> **EXCERPTED RECORDS**:
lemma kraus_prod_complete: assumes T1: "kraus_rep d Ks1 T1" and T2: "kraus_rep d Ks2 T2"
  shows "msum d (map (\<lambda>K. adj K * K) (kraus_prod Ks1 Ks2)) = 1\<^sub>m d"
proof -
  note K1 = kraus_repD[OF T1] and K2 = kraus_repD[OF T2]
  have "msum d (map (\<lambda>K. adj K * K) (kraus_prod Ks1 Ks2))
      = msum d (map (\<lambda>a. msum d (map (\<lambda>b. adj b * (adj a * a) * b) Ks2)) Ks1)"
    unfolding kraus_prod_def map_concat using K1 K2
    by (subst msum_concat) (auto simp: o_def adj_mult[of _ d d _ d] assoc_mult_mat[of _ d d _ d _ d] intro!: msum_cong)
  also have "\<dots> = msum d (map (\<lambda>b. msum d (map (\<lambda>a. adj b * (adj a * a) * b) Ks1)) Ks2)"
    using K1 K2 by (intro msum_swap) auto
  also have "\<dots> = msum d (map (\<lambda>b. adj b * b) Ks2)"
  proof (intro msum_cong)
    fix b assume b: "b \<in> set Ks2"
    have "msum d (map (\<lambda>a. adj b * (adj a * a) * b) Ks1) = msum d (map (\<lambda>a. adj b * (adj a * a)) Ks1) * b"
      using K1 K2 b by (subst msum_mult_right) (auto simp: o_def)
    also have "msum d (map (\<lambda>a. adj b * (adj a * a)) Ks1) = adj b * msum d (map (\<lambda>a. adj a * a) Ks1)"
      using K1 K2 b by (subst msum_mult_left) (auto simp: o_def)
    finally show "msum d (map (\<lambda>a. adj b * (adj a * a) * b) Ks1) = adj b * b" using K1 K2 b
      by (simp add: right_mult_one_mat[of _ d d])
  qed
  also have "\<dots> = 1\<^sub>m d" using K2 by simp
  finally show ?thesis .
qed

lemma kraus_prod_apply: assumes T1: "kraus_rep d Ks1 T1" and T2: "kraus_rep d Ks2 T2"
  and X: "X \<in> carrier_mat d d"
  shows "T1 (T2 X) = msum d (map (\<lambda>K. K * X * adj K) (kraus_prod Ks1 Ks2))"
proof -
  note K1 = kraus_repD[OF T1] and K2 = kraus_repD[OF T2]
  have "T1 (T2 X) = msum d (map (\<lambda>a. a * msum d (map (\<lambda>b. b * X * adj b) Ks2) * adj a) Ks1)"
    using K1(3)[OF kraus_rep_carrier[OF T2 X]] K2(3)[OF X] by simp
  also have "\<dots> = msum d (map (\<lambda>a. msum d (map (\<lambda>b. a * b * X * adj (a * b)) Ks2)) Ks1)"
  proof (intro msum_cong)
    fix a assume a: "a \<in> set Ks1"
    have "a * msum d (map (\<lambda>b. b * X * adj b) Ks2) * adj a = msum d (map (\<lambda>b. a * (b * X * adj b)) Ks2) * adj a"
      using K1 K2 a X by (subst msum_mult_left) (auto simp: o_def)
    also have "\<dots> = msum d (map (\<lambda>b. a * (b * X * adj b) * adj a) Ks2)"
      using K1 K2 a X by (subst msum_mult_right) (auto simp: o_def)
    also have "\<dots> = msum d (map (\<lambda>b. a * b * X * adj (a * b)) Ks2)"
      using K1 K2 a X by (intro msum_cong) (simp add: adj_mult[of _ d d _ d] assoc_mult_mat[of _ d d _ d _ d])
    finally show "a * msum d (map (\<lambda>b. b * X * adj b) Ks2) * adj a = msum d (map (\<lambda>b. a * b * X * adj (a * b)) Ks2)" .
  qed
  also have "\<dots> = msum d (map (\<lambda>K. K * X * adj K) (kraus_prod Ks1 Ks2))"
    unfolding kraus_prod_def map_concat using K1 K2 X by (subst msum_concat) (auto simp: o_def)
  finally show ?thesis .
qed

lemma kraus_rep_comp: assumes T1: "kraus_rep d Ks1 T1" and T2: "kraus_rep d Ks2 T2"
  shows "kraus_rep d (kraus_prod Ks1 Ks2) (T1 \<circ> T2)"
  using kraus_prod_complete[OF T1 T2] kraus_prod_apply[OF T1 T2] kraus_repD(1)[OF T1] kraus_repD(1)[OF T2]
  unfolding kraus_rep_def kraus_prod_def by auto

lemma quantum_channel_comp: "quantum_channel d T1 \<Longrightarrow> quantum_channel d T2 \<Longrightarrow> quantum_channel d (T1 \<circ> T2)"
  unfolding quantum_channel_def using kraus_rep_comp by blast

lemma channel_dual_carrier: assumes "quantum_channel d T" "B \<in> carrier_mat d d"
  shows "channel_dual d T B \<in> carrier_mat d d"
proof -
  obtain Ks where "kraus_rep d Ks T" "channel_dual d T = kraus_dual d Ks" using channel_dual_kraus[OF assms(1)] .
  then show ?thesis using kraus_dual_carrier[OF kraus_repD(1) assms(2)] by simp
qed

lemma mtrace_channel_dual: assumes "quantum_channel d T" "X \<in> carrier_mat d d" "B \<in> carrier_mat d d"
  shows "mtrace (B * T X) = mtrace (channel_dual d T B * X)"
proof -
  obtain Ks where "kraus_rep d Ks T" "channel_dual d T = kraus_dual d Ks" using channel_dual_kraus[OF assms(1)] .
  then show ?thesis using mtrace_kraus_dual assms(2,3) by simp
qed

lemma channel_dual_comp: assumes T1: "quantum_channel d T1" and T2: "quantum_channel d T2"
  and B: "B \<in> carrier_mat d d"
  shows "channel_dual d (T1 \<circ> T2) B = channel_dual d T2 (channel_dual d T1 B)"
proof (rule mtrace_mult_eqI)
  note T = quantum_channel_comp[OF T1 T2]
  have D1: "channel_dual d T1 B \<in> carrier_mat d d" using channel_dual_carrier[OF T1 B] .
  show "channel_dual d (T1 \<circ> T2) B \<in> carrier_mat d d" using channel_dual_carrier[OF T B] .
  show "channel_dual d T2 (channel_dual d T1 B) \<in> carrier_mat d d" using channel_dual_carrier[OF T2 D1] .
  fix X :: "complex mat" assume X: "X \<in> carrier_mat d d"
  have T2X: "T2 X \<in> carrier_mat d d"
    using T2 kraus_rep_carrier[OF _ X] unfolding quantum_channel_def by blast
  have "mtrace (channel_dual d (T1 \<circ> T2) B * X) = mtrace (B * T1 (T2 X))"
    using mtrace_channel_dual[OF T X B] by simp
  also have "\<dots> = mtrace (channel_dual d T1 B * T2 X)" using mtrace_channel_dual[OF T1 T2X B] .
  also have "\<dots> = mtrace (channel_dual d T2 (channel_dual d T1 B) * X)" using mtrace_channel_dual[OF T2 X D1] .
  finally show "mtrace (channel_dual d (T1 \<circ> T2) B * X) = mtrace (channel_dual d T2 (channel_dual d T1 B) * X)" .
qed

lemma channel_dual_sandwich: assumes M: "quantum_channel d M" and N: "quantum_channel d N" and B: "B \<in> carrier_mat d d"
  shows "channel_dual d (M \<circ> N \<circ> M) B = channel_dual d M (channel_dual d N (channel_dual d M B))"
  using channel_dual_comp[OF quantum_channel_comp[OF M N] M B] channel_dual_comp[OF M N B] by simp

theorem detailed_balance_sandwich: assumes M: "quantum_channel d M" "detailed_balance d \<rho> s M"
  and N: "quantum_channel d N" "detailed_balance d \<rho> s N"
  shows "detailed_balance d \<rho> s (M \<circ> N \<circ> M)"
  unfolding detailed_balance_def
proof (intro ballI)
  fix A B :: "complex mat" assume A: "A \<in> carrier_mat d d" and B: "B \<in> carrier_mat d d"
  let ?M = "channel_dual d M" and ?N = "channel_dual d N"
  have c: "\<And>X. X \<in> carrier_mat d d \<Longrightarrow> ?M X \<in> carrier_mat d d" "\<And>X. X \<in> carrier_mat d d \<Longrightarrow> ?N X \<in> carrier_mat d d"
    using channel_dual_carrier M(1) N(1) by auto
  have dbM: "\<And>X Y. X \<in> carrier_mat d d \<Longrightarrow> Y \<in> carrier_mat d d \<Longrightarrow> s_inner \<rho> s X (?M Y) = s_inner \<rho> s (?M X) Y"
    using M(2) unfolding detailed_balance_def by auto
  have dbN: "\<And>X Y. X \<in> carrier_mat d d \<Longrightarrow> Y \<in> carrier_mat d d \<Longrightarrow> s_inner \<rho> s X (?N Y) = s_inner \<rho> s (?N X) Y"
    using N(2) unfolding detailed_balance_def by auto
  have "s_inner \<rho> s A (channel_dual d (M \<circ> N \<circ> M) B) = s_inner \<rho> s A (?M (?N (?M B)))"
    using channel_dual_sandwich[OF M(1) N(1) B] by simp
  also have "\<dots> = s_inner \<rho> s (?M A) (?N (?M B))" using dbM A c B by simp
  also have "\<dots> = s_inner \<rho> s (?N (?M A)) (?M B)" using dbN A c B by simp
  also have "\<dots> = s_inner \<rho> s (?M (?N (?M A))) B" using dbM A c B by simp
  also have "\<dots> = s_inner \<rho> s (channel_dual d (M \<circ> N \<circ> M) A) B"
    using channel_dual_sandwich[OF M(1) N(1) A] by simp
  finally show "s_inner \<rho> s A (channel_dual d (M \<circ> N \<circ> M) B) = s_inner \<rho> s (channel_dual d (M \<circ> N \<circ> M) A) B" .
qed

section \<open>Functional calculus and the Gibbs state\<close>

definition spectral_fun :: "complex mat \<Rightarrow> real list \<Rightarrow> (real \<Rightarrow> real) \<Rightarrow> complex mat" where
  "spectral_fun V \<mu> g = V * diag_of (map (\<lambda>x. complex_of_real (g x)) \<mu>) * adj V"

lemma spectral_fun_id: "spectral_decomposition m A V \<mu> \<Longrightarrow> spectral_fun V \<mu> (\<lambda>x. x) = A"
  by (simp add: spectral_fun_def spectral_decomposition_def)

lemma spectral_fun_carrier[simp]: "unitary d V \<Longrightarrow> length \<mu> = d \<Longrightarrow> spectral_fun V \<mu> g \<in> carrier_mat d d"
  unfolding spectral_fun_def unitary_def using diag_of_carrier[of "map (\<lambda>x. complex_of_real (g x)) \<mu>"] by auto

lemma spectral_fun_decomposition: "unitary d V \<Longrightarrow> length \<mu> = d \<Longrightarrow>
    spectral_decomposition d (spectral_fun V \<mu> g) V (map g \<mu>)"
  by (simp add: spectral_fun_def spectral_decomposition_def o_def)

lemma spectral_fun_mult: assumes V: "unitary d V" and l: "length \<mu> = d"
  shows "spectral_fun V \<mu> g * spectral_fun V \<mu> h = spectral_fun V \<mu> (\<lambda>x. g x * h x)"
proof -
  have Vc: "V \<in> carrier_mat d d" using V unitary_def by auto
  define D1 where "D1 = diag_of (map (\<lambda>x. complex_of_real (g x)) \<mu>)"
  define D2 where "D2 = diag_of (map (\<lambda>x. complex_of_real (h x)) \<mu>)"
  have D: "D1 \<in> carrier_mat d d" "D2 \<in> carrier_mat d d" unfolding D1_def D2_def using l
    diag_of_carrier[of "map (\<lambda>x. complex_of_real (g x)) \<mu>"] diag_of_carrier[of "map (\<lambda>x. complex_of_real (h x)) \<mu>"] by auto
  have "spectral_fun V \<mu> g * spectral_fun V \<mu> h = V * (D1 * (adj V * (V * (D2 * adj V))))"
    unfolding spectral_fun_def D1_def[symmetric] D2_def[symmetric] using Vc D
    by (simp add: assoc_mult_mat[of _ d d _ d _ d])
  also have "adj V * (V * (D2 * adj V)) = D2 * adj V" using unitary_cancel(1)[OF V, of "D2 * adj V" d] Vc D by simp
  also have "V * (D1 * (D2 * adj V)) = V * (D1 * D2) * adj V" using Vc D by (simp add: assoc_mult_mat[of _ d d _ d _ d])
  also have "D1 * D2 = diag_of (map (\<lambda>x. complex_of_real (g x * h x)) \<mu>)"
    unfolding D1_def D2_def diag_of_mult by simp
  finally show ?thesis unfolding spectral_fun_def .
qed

> **YOUR GOAL**: Search the records for the string "define" and report each line that has it.

> **RESPONSE AREA**:
  define D1 where "D1 = diag_of (map (\<lambda>x. complex_of_real (g x)) \<mu>)"
  define D2 where "D2 = diag_of (map (\<lambda>x. complex_of_real (h x)) \<mu>)"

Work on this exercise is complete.